Non-small cell lung cancer (NSCLC) is the largest contributor to cancer mortality in the United States. Traditional chemotherapies are toxic and prone to the development of drug-resistance. Recently, several drug candidates were shown to induce lysosomal membrane permeabilization (LMP) in aggressive cancers. This has led to increased interest in lysosome dysregulation as a therapeutic target. However, approaches are needed to overcome two limitations of current lysosomal inhibitors: low specificity and potency. Here, we report the development of a transformable nanomaterial which is triggered to induce LMP of lysosomes in NSCLC. The nanomaterial consists of peptide amphiphiles, which self-assemble into nanoparticles, colocalize with the lysosome, and change conformation to nanofibrils due to lysosomal pH shift, which leads to the disruption of the lysosome, cell death, and cisplatin sensitization. We have found that this cell-penetrating transformable peptide nanoparticle (CPTNP) was cytotoxic to NSCLC cells in the low-micromolar range and it synergized cisplatin cytotoxicity four-fold. Moreover, we demonstrate CPTNP's promising antitumor effect in mouse xenograft models with limited toxicity when given in combination with low dose cisplatin chemotherapy. This is the first example of enhanced LMP via transformable peptide nanomaterial and offers a promising new strategy for cancer therapy.
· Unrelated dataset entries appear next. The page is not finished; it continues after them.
lemma basis_vec_0_mem_invariant_sub:
  assumes n: "n \<ge> 2" and M: "invariant_sub ell2 n (cuntz n) M" and x: "x \<in> M" and x0: "x 0 \<noteq> 0"
  shows "basis_vec 0 \<in> M"
proof -
  have Mc: "closed_subspace ell2 M" using M unfolding invariant_sub_def by blast
  have xe: "x \<in> ell2" using closed_subspace_subset[OF Mc] x by blast
  define y :: "nat vec" where "y = (\<lambda>i. x 0 * basis_vec 0 i)"
  have "\<exists>a\<in>M. sqnorm (\<lambda>i. a i - y i) \<le> inverse (real (Suc j))" for j
  proof -
    obtain K N :: nat
      where "sqnorm (\<lambda>i. 1 / of_nat K * (\<Sum>k<K. dilate (n^(k*N)) x i) - y i) \<le> inverse (real (Suc j))"
      using dilate_power_average_approx[OF n xe, of "inverse (real (Suc j))"] unfolding y_def by auto
    moreover have "(\<lambda>i. 1 / of_nat K * (\<Sum>k<K. dilate (n^(k*N)) x i)) \<in> M"
      using n by (intro closed_subspace_scale[OF Mc] closed_subspace_sum[OF Mc]
          invariant_sub_dilate_power[OF M _ x]) auto
    ultimately show ?thesis
      by (intro bexI[where x="\<lambda>i. 1 / of_nat K * (\<Sum>k<K. dilate (n^(k*N)) x i)"])
  qed
  then obtain s where s: "\<And>j. s j \<in> M" "\<And>j. sqnorm (\<lambda>i. s j i - y i) \<le> inverse (real (Suc j))"
    by metis
  have "(\<lambda>j. vnorm (\<lambda>i. s j i - y i)) \<longlonglongrightarrow> 0"
  proof (rule real_tendsto_sandwich[OF _ _ tendsto_const])
    show "(\<lambda>j. sqrt (inverse (real (Suc j)))) \<longlonglongrightarrow> 0"
      using tendsto_real_sqrt[OF LIMSEQ_inverse_real_of_nat] by simp
  qed (use s(2) in \<open>auto simp: vnorm_eq_sqrt_sqnorm sqnorm_nonneg\<close>)
  moreover have "y \<in> ell2" unfolding y_def using ell2_lin_comb[of "basis_vec 0" "basis_vec 0" "x 0" 0] by simp
  ultimately have "y \<in> M" by (intro closed_subspace_limit[OF Mc s(1)])
  moreover have "(\<lambda>i. inverse (x 0) * y i) = basis_vec 0"
    using x0 by (simp add: y_def mult.assoc[symmetric])
  ultimately show ?thesis using closed_subspace_scale[OF Mc] by metis
qed

lemma reducing_sub_cuntz_eq_ell2:
  assumes n: "n \<ge> 2" and R: "reducing_sub ell2 n (cuntz n) M" and ne: "M \<noteq> {vzero}"
  shows "M = ell2"
proof (cases "\<exists>x\<in>M. x 0 \<noteq> 0")
  case True
  have M: "invariant_sub ell2 n (cuntz n) M" using R unfolding reducing_sub_def by blast
  with True show ?thesis
    using invariant_sub_eq_ell2_if_basis_vec_0[OF n] basis_vec_0_mem_invariant_sub[OF n] by blast
next
  case False
  have Mc: "closed_subspace ell2 M" using R unfolding reducing_sub_def invariant_sub_def by blast
  have "basis_vec 0 \<in> ortho_compl ell2 M"
    using False unfolding ortho_compl_def by (simp add: vinner_basis_vec_right)
  then have "ortho_compl ell2 M = ell2"
    using invariant_sub_eq_ell2_if_basis_vec_0[OF n] R unfolding reducing_sub_def by blast
  then have "vinner x x = 0" if "x \<in> M" for x
    using that closed_subspace_subset[OF Mc] unfolding ortho_compl_def by blast
  then have "M \<subseteq> {vzero}"
    using closed_subspace_subset[OF Mc] sqnorm_eq_0_imp_vzero by (auto simp: vinner_self)
  then show ?thesis using ne closed_subspace_vzero[OF Mc] by blast
qed

section \<open>The tuple is not absolutely continuous\<close>

definition L1_pow :: "nat \<Rightarrow> (nat list, nat list) op" where
  "L1_pow k x = (\<lambda>u. if k \<le> length u \<and> take k u = replicate k 1 then x (drop k u) else 0)"

lemma word_op_Lcre_replicate_1: "word_op Lcre (replicate k 1) = L1_pow k"
proof (induction k)
  case 0
  show ?case by (rule ext) (simp add: word_op_def L1_pow_def)
next
  case (Suc k)
  show ?case
  proof (intro ext)
    fix x u
    have "word_op Lcre (replicate (Suc k) 1) x = Lcre 1 (L1_pow k x)"
      using Suc.IH by (simp add: word_op_def)
    then show "word_op Lcre (replicate (Suc k) 1) x u = L1_pow (Suc k) x u"
      by (cases u) (auto simp: Lcre_def L1_pow_def)
  qed
qed
theorem proposition2:
  fixes m p n :: nat and A :: "nat \<Rightarrow> nat \<Rightarrow> real" and q1 q2 :: ereal and s :: real
  assumes "0 < n"
    and "1 < q2" and "q2 \<le> q1"
    and "1 \<le> s" and "s \<le> real p powr (1 / qtilde q1 q2)"
  shows "beta m p n A q1 s \<ge> beta m p n A q2 (s powr qtilde q1 q2)
       \<and> beta m p n A q2 (s powr qtilde q1 q2)
           \<ge> s powr (- qtilde q1 q2) * beta m p n A q1 (s powr qtilde q1 q2)"
proof -
  define t where "t = s powr qtilde q1 q2"
  \<comment> \<open>the upper bound on s is needed only to exclude p = 0\<close>
  have "0 < p" using assms(4,5) by (cases p) auto
  have "1 \<le> t" unfolding t_def using assms(4) qtilde_pos[OF assms(2,3)] by (simp add: ge_one_powr_ge_zero)
  moreover have "s powr (- qtilde q1 q2) = 1 / t" unfolding t_def by (simp add: powr_minus_divide)
  ultimately show ?thesis
    using beta_powr_qtilde_le[OF assms(1) \<open>0 < p\<close> assms(2,3,4)]
      beta_div_le_beta_smaller_exponent[OF assms(1) \<open>0 < p\<close> assms(2,3), of t]
    unfolding t_def by simp
qed

end
(* Let $Q$ be a finite set, let $M\subseteq Q^5$ be an MDS code with code distance $4$, and let $M'\subseteq Q^4$ be a projection of $M$ in some direction $i\in\{1,\dots,5\}$. Then there exists an MDS code $C\subseteq Q^4$ with code distance $2$ such that $M'\subseteq C$.
   Context: A subset $C\subseteq Q^d$ is an MDS code with code distance $\varrho$ if $|C\cap\Gamma|=1$ for every $(\varrho-1)$-dimensional axis-aligned plane $\Gamma\subseteq Q^d$ (the set obtained by fixing some $d-\varrho+1$ coordinates and letting the other $\varrho-1$ range over $Q$). The projection of $C\subseteq Q^d$ in the $i$th direction is $C_i=\{(x_1,\dots,x_{i-1},x_{i+1},\dots,x_d)\mid \exists x_i: (x_1,\dots,x_d)\in C\}\subseteq Q^{d-1}$. *)

theory Defs
  imports Main
begin

definition cube :: "'a set \<Rightarrow> nat \<Rightarrow> 'a list set" where
  "cube Q d = {x. length x = d \<and> set x \<subseteq> Q}"

definition axis_plane :: "'a set \<Rightarrow> nat \<Rightarrow> nat set \<Rightarrow> (nat \<Rightarrow> 'a) \<Rightarrow> 'a list set" where
  "axis_plane Q d S v = {x \<in> cube Q d. \<forall>i\<in>S. x ! i = v i}"

text \<open>MDS code with code distance rho: meets every (rho-1)-dimensional axis-aligned
  plane (d-rho+1 fixed coordinates) in exactly one point.\<close>
definition MDS_code :: "'a set \<Rightarrow> nat \<Rightarrow> nat \<Rightarrow> 'a list set \<Rightarrow> bool" where
  "MDS_code Q d rho C \<longleftrightarrow> C \<subseteq> cube Q d \<and>
     (\<forall>S v. S \<subseteq> {..<d} \<and> card S = d - rho + 1 \<and> (\<forall>i\<in>S. v i \<in> Q) \<longrightarrow>
        card (C \<inter> axis_plane Q d S v) = 1)"

text \<open>Projection in direction i (0-indexed): delete the i-th coordinate.\<close>
definition proj :: "nat \<Rightarrow> 'a list set \<Rightarrow> 'a list set" where
  "proj i C = (\<lambda>x. take i x @ drop (Suc i) x) ` C"

end

theory Submission
  imports Defs
begin

text \<open>Every codeword of M is determined by any two of its coordinates, so the value
  at a third coordinate i, as a function of the values at two others k and l, is a Latin
  square L(k,l;i) on Q.  Deleting coordinate i and calling the remaining ones
  j1 < j2 < j3 < j4, every projected word x satisfies L(j1,j2;i)(x1,x2) = L(j3,j4;i)(x3,x4),
  both sides being the deleted symbol.  The set of all words satisfying this equation is an
  MDS code with distance 2, because any three of its coordinates determine the fourth.\<close>

lemma MDS_code_distance_2I:
  assumes "2 \<le> d" and "C \<subseteq> cube Q d"
    and unique_completion: "\<And>t u. t < d \<Longrightarrow> u \<in> cube Q d \<Longrightarrow> \<exists>!q. q \<in> Q \<and> u[t := q] \<in> C"
  shows "MDS_code Q d 2 C"
  unfolding MDS_code_def
proof (intro conjI allI impI)
  show "C \<subseteq> cube Q d" by fact
  fix S v assume "S \<subseteq> {..<d} \<and> card S = d - 2 + 1 \<and> (\<forall>n\<in>S. v n \<in> Q)"
  then have S: "S \<subseteq> {..<d}" "card S = d - 1" and v: "\<And>n. n \<in> S \<Longrightarrow> v n \<in> Q"
    using assms(1) by auto
  obtain t where t: "t < d" "t \<notin> S"
  proof (rule ccontr)
    assume "\<not> thesis"
    then have "S = {..<d}" using S that by auto
    then show False using S \<open>2 \<le> d\<close> by simp
  qed
  have "S = {..<d} - {t}"
    using S t by (intro card_subset_eq) auto
  then have S_iff: "n \<in> S \<longleftrightarrow> n < d \<and> n \<noteq> t" for n
    by auto
  obtain s where "s \<in> S"
    using S \<open>2 \<le> d\<close> by fastforce
  define u where "u = map (\<lambda>n. if n \<in> S then v n else v s) [0..<d]"
  have u: "u \<in> cube Q d"
    using v \<open>s \<in> S\<close> by (auto simp: u_def cube_def)
  obtain q where q: "q \<in> Q" "u[t := q] \<in> C"
    and q_unique: "\<And>q'. q' \<in> Q \<Longrightarrow> u[t := q'] \<in> C \<Longrightarrow> q' = q"
    using unique_completion[OF t(1) u] by blast
  have "C \<inter> axis_plane Q d S v = {u[t := q]}"
  proof (intro equalityI subsetI)
    fix x assume x: "x \<in> C \<inter> axis_plane Q d S v"
    then have "length x = d" "x ! t \<in> Q"
      using t(1) by (auto simp: axis_plane_def cube_def)
    moreover have "x = u[t := x ! t]"
      using x u t by (intro nth_equalityI) (auto simp: axis_plane_def cube_def u_def nth_list_update S_iff)
    ultimately show "x \<in> {u[t := q]}"
      using x q_unique by (metis IntD1 singletonI)
  next
    fix x assume "x \<in> {u[t := q]}"
    then show "x \<in> C \<inter> axis_plane Q d S v"
      using q assms(2) t u by (auto simp: axis_plane_def cube_def u_def S_iff)
  qed
  then show "card (C \<inter> axis_plane Q d S v) = 1"
    by simp
qed

definition latin_square :: "'a set \<Rightarrow> ('a \<Rightarrow> 'a \<Rightarrow> 'a) \<Rightarrow> bool" where
  "latin_square Q L \<longleftrightarrow> (\<forall>x\<in>Q. bij_betw (L x) Q Q) \<and> (\<forall>y\<in>Q. bij_betw (\<lambda>x. L x y) Q Q)"

lemma bij_betw_ex1_preimage:
  assumes "bij_betw f A B" and "y \<in> B"
  shows "\<exists>!x. x \<in> A \<and> f x = y"
  using assms unfolding bij_betw_def inj_on_def by blast

lemma latin_square_closed:
  "latin_square Q L \<Longrightarrow> x \<in> Q \<Longrightarrow> y \<in> Q \<Longrightarrow> L x y \<in> Q"
  unfolding latin_square_def bij_betw_def by blast

lemma latin_square_ex1_left:
  "latin_square Q L \<Longrightarrow> y \<in> Q \<Longrightarrow> z \<in> Q \<Longrightarrow> \<exists>!x. x \<in> Q \<and> L x y = z"
  unfolding latin_square_def using bij_betw_ex1_preimage[of "\<lambda>x. L x y" Q Q z] by blast

lemma latin_square_ex1_right:
  "latin_square Q L \<Longrightarrow> x \<in> Q \<Longrightarrow> z \<in> Q \<Longrightarrow> \<exists>!y. y \<in> Q \<and> L x y = z"
  unfolding latin_square_def using bij_betw_ex1_preimage[of "L x" Q Q z] by blast

definition latin_code :: "'a set \<Rightarrow> ('a \<Rightarrow> 'a \<Rightarrow> 'a) \<Rightarrow> ('a \<Rightarrow> 'a \<Rightarrow> 'a) \<Rightarrow> 'a list set" where
  "latin_code Q L\<^sub>1 L\<^sub>2 = {x \<in> cube Q 4. L\<^sub>1 (x ! 0) (x ! 1) = L\<^sub>2 (x ! 2) (x ! 3)}"

lemma MDS_code_latin_code:
  assumes L\<^sub>1: "latin_square Q L\<^sub>1" and L\<^sub>2: "latin_square Q L\<^sub>2"
  shows "MDS_code Q 4 2 (latin_code Q L\<^sub>1 L\<^sub>2)"
proof (rule MDS_code_distance_2I)
  show "2 \<le> (4::nat)"
    by simp
  show "latin_code Q L\<^sub>1 L\<^sub>2 \<subseteq> cube Q 4"
    by (auto simp: latin_code_def)
  fix t u assume "t < (4::nat)" and u: "u \<in> cube Q 4"
  then have t: "t = 0 \<or> t = 1 \<or> t = 2 \<or> t = 3"
    by auto
  have length_u: "length u = 4" and u_nth: "\<And>n. n < 4 \<Longrightarrow> u ! n \<in> Q"
    using u by (auto simp: cube_def)
  have code_iff: "u[t := q] \<in> latin_code Q L\<^sub>1 L\<^sub>2 \<longleftrightarrow>
      q \<in> Q \<and> L\<^sub>1 (u[t := q] ! 0) (u[t := q] ! 1) = L\<^sub>2 (u[t := q] ! 2) (u[t := q] ! 3)" for q
    using u \<open>t < 4\<close> set_update_memI[of t u q]
    by (auto simp: latin_code_def cube_def set_update_subsetI dest: subsetD[OF set_update_subset_insert])
  have "\<exists>!q. q \<in> Q \<and> L\<^sub>1 (u[t := q] ! 0) (u[t := q] ! 1) = L\<^sub>2 (u[t := q] ! 2) (u[t := q] ! 3)"
    using t
  proof (elim disjE)
    assume "t = 0"
    then show ?thesis
      using latin_square_ex1_left[OF L\<^sub>1 u_nth latin_square_closed[OF L\<^sub>2 u_nth u_nth], of 1 2 3]
      by (simp add: length_u)
  next
    assume "t = 1"
    then show ?thesis
      using latin_square_ex1_right[OF L\<^sub>1 u_nth latin_square_closed[OF L\<^sub>2 u_nth u_nth], of 0 2 3]
      by (simp add: length_u)
  next
    assume "t = 2"
    then show ?thesis
      using latin_square_ex1_left[OF L\<^sub>2 u_nth latin_square_closed[OF L\<^sub>1 u_nth u_nth], of 3 0 1]
      by (simp add: length_u eq_commute[of "L\<^sub>1 _ _"])
  next
    assume "t = 3"
    then show ?thesis
      using latin_square_ex1_right[OF L\<^sub>2 u_nth latin_square_closed[OF L\<^sub>1 u_nth u_nth], of 2 0 1]
      by (simp add: length_u eq_commute[of "L\<^sub>1 _ _"])
  qed
  then show "\<exists>!q. q \<in> Q \<and> u[t := q] \<in> latin_code Q L\<^sub>1 L\<^sub>2"
    unfolding code_iff by simp
qed

locale two_dimensional_MDS_code =
  fixes Q :: "'a set" and d rho :: nat and M :: "'a list set"
  assumes MDS: "MDS_code Q d rho M" and two_information_symbols: "d - rho + 1 = 2"
begin

lemma codeword_nth_mem:
  assumes "m \<in> M" "n < d"
  shows "m ! n \<in> Q"
proof -
  have "m \<in> cube Q d"
    using MDS assms(1) by (auto simp: MDS_code_def)
  then show ?thesis
    using assms(2) nth_mem by (auto simp: cube_def)
qed

lemma ex1_codeword:
  assumes "k < d" "l < d" "k \<noteq> l" "x \<in> Q" "y \<in> Q"
  shows "\<exists>!m. m \<in> M \<and> m ! k = x \<and> m ! l = y"
proof -
  define v where "v n = (if n = k then x else y)" for n
  have "card (M \<inter> axis_plane Q d {k, l} v) = 1"
  proof (rule MDS[unfolded MDS_code_def, THEN conjunct2, rule_format])
    show "{k, l} \<subseteq> {..<d} \<and> card {k, l} = d - rho + 1 \<and> (\<forall>i\<in>{k, l}. v i \<in> Q)"
      using assms two_information_symbols by (simp add: v_def)
  qed
  moreover have "M \<inter> axis_plane Q d {k, l} v = {m \<in> M. m ! k = x \<and> m ! l = y}"
    using MDS \<open>k \<noteq> l\<close> by (auto simp: MDS_code_def axis_plane_def v_def)
  ultimately obtain m where "{m \<in> M. m ! k = x \<and> m ! l = y} = {m}"
    by (metis card_1_singletonE)
  then show ?thesis
    by (simp add: set_eq_iff)
qed

lemma codeword_eqI:
  assumes "k < d" "l < d" "k \<noteq> l" "m \<in> M" "m' \<in> M" "m ! k = m' ! k" "m ! l = m' ! l"
  shows "m = m'"
proof -
  have "m ! k \<in> Q" "m ! l \<in> Q"
    using assms codeword_nth_mem by simp_all
  then obtain m\<^sub>0 where "\<And>m''. m'' \<in> M \<and> m'' ! k = m ! k \<and> m'' ! l = m ! l \<Longrightarrow> m'' = m\<^sub>0"
    using ex1_codeword[OF assms(1-3)] by metis
  then show ?thesis
    using assms(4-) by metis
qed

end

text \<open>The square L(k,l;i) above; its values outside Q are meaningless, since THE then has
  no unique witness.\<close>
definition code_square :: "'a list set \<Rightarrow> nat \<Rightarrow> nat \<Rightarrow> nat \<Rightarrow> 'a \<Rightarrow> 'a \<Rightarrow> 'a" where
  "code_square M k l i x y = (THE m. m \<in> M \<and> m ! k = x \<and> m ! l = y) ! i"

lemma code_square_swap: "code_square M k l i x y = code_square M l k i y x"
  unfolding code_square_def by (simp add: conj_commute conj_left_commute)

context two_dimensional_MDS_code
begin

lemma code_square_nth:
  assumes "k < d" "l < d" "k \<noteq> l" "m \<in> M"
  shows "code_square M k l i (m ! k) (m ! l) = m ! i"
proof -
  have "(THE m'. m' \<in> M \<and> m' ! k = m ! k \<and> m' ! l = m ! l) = m"
    using assms codeword_eqI by (intro the_equality) blast+
  then show ?thesis
    by (simp add: code_square_def)
qed

lemma bij_betw_code_square:
  assumes "k < d" "l < d" "i < d" "k \<noteq> l" "k \<noteq> i" "l \<noteq> i" "x \<in> Q"
  shows "bij_betw (code_square M k l i x) Q Q"
proof -
  have row: "\<exists>m. m \<in> M \<and> m ! k = x \<and> m ! l = y \<and> code_square M k l i x y = m ! i"
    if y: "y \<in> Q" for y
  proof -
    obtain m where "m \<in> M" "m ! k = x" "m ! l = y"
      using ex1_codeword[OF assms(1,2,4,7) y] by blast
    then show ?thesis
      using code_square_nth[OF assms(1,2,4)] by blast
  qed
  show ?thesis
    unfolding bij_betw_def
  proof (intro conjI inj_onI equalityI subsetI)
    fix y y' assume "y \<in> Q" "y' \<in> Q" and eq: "code_square M k l i x y = code_square M k l i x y'"
    obtain m where m: "m \<in> M" "m ! k = x" "m ! l = y" "code_square M k l i x y = m ! i"
      using row[OF \<open>y \<in> Q\<close>] by blast
    obtain m' where m': "m' \<in> M" "m' ! k = x" "m' ! l = y'" "code_square M k l i x y' = m' ! i"
      using row[OF \<open>y' \<in> Q\<close>] by blast
    have "m = m'"
      using codeword_eqI[OF assms(1,3,5) m(1) m'(1)] m m' eq by simp
    then show "y = y'"
      using m m' by simp
  next
    fix z assume "z \<in> code_square M k l i x ` Q"
    then obtain y where "y \<in> Q" "z = code_square M k l i x y"
      by blast
    then obtain m where "m \<in> M" "z = m ! i"
      using row by metis
    then show "z \<in> Q"
      using codeword_nth_mem assms(3) by simp
  next
    fix z assume "z \<in> Q"
    then obtain m where m: "m \<in> M" "m ! k = x" "m ! i = z"
      using ex1_codeword[OF assms(1,3,5,7)] by blast
    then have "z = code_square M k l i x (m ! l)"
      using code_square_nth[OF assms(1,2,4) m(1)] by simp
    moreover have "m ! l \<in> Q"
      using codeword_nth_mem m(1) assms(2) .
    ultimately show "z \<in> code_square M k l i x ` Q"
      by (rule image_eqI)
  qed
qed

lemma codeword_in_latin_code:
  assumes "m \<in> M" "j\<^sub>1 < d" "j\<^sub>2 < d" "j\<^sub>3 < d" "j\<^sub>4 < d" "j\<^sub>1 \<noteq> j\<^sub>2" "j\<^sub>3 \<noteq> j\<^sub>4"
  shows "[m ! j\<^sub>1, m ! j\<^sub>2, m ! j\<^sub>3, m ! j\<^sub>4] \<in> latin_code Q (code_square M j\<^sub>1 j\<^sub>2 i) (code_square M j\<^sub>3 j\<^sub>4 i)"
  using assms codeword_nth_mem code_square_nth[of j\<^sub>1 j\<^sub>2 m i] code_square_nth[of j\<^sub>3 j\<^sub>4 m i]
  by (simp add: latin_code_def cube_def)

lemma latin_square_code_square:
  assumes "k < d" "l < d" "i < d" "k \<noteq> l" "k \<noteq> i" "l \<noteq> i"
  shows "latin_square Q (code_square M k l i)"
  using assms bij_betw_code_square bij_betw_code_square[of l k i]
  by (simp add: latin_square_def code_square_swap[of M k l i])

end

lemma take_drop_Suc_eq_map_nth:
  assumes "i < length xs"
  shows "take i xs @ drop (Suc i) xs = map (\<lambda>n. xs ! (if n < i then n else Suc n)) [0..<length xs - 1]"
  using assms by (intro nth_equalityI) (auto simp: nth_append min_def)

theorem proposition4:
  fixes Q :: "'a set" and M :: "'a list set" and i :: nat
  assumes "finite Q"
    and "MDS_code Q 5 4 M"
    and "i < 5"
  shows "\<exists>C. MDS_code Q 4 2 C \<and> proj i M \<subseteq> C"
proof -
  interpret two_dimensional_MDS_code Q 5 4 M
    using assms(2) by unfold_locales simp_all
  define j where "j n = (if n < i then n else Suc n)" for n
  have j: "j n < 5" "j n \<noteq> i" if "n < 4" for n
    using that \<open>i < 5\<close> by (auto simp: j_def)
  have j_distinct: "j 0 \<noteq> j 1" "j 2 \<noteq> j 3"
    by (auto simp: j_def)
  define C where "C = latin_code Q (code_square M (j 0) (j 1) i) (code_square M (j 2) (j 3) i)"
  have "MDS_code Q 4 2 C"
    unfolding C_def using j j_distinct \<open>i < 5\<close>
    by (intro MDS_code_latin_code latin_square_code_square) simp_all
  moreover have "proj i M \<subseteq> C"
  proof (unfold proj_def, rule image_subsetI)
    fix m assume m: "m \<in> M"
    then have "length m = 5"
      using MDS by (auto simp: MDS_code_def cube_def)
    then have "take i m @ drop (Suc i) m = [m ! j 0, m ! j 1, m ! j 2, m ! j 3]"
      using take_drop_Suc_eq_map_nth[of i m] \<open>i < 5\<close> unfolding j_def[symmetric]
      by (simp add: upt_rec numeral_2_eq_2 numeral_3_eq_3)
    then show "take i m @ drop (Suc i) m \<in> C"
      unfolding C_def using codeword_in_latin_code[OF m] j j_distinct by simp
  qed
  ultimately show ?thesis
    by blast
qed

end
(* Consider the Lasso problem of minimizing $\varphi(x):=\frac12\|Ax-b\|_2^2+\mu\|x\|_1$ over $x\in\mathbb{R}^n$, where $A\in\mathbb{R}^{m\times n}$, $b\in\mathbb{R}^m$, $\mu>0$, and suppose that $A^*A$ is positive-definite. Write $\varphi(x)=\frac12\langle\bar Ax,x\rangle+\langle\bar b,x\rangle+\bar\alpha+g(x)$ with $\bar A:=A^*A$, $\bar b:=-A^*b$, $\bar\alpha:=\frac12\|b\|^2$, $g(x):=\mu\|x\|_1$. Then: (i) the Generalized Damped Newton Algorithm for Quadratic Composite Optimization applied with data $(\bar A,\bar b,g)$ is well-defined, and its sequence of iterates $\{y^k\}$ globally converges at least Q-superlinearly to some $\bar y$; (ii) $\bar x:=Q\bar y+c$ is the unique solution of the Lasso problem and is a tilt-stable local minimizer of $\varphi$.
   Context: Moreau envelope and proximal map of $g$ with $\gamma>0$: $e_\gamma g(x):=\inf_y\{g(y)+\frac1{2\gamma}\|y-x\|^2\}$, $\operatorname{Prox}_{\gamma g}(x):=\operatorname{argmin}_y\{g(y)+\frac1{2\gamma}\|y-x\|^2\}$. Generalized Damped Newton Algorithm for Quadratic Composite Optimization with data $(\bar A,\bar b,g)$: parameters $\sigma\in(0,\tfrac12)$, $\beta\in(0,1)$. Choose $\gamma>0$ with $I-\gamma\bar A$ positive-definite; set $Q:=(I-\gamma\bar A)^{-1}$, $c:=\gamma Q\bar b$, $P:=Q-I$, $\psi(y):=\frac12\langle Py,y\rangle+\langle c,y\rangle+\gamma e_\gamma g(y)$ (so $\nabla\psi(y)=Qy-\operatorname{Prox}_{\gamma g}(y)+c$). Choose $y^0$, $k=0$. If $\nabla\psi(y^k)=0$ stop; else set $v^k:=\operatorname{Prox}_{\gamma g}(y^k)$ and find $d^k$ with $\frac1\gamma(-\nabla\psi(y^k)-Pd^k)\in\partial^2g\big(v^k,\frac1\gamma(y^k-v^k)\big)(Qd^k+\nabla\psi(y^k))$; set $\tau_k=1$ and while $\psi(y^k+\tau_kd^k)>\psi(y^k)+\sigma\tau_k\langle\nabla\psi(y^k),d^k\rangle$ replace $\tau_k$ by $\beta\tau_k$; set $y^{k+1}:=y^k+\tau_kd^k$, increase $k$, repeat. Here $\partial^2g(x,y)(w):=\{z\mid(z,-w)\in N_{\operatorname{gph}\partial g}(x,y)\}$ with $N$ the limiting normal cone: $N_\Omega(\bar z)$ consists of $v$ such that $z_k\to\bar z$, $z_k\in\Omega$, $v_k\to v$, $v_k\in\widehat N_\Omega(z_k)$, with $\widehat N_\Omega(\bar z):=\{v\mid\limsup_{z\to\bar z,z\in\Omega}\langle v,z-\bar z\rangle/\|z-\bar z\|\le0\}$. Tilt stability: $\bar x$ is a tilt-stable local minimizer of $\varphi$ if for some $\gamma'>0$ the map $v\mapsto\operatorname{argmin}\{\varphi(x)-\langle v,x\rangle\mid x\in\mathbb{B}_{\gamma'}(\bar x)\}$ is single-valued and Lipschitz near $0$ with value $\{\bar x\}$ at $0$. Q-superlinear: $\|y^{k+1}-\bar y\|/\|y^k-\bar y\|\to0$. *)

theory Defs
  imports "HOL-Analysis.Analysis"
begin

text \<open>Regular (Frechet) normal cone: the limsup condition written out in epsilon-delta form.\<close>
definition regular_normal :: "'a::real_inner set \<Rightarrow> 'a \<Rightarrow> 'a set" where
  "regular_normal \<Omega> zb = {v. \<forall>e>0. \<exists>d>0. \<forall>z\<in>\<Omega>. norm (z - zb) < d \<longrightarrow>
      v \<bullet> (z - zb) \<le> e * norm (z - zb)}"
非小细胞肺癌 (NSCLC) 是美国癌症死亡率的最大贡献者。传统的化学疗法具有毒性并且容易产生耐药性。最近，几种候选药物被证明可以在侵袭性癌症中诱导溶酶体膜透化 (LMP)。这导致人们对溶酶体失调作为治疗靶点的兴趣增加。然而，需要一些方法来克服当前溶酶体抑制剂的两个局限性：低特异性和效力。在这里，我们报告了一种可变形纳米材料的开发它被触发以诱导 NSCLC 中溶酶体的 LMP。纳米材料由肽两亲物组成，它们自组装成纳米颗粒，与溶酶体共定位，并由于溶酶体 pH 值的变化而改变构象为纳米原纤维，从而导致溶酶体的破坏、细胞死亡和顺铂致敏。我们发现这种可穿透细胞的可转化肽纳米颗粒 (CPTNP)在低微摩尔范围内对 NSCLC 细胞产生细胞毒性，并且它使顺铂的细胞毒性增效四倍。此外，我们证明了 CPTNP 在小鼠异种移植模型中与低剂量顺铂化疗联合使用时具有有限毒性的有前途的抗肿瘤作用。这是通过可转化肽纳米材料增强 LMP 的第一个例子，并为癌症治疗提供了一个有前途的新策略。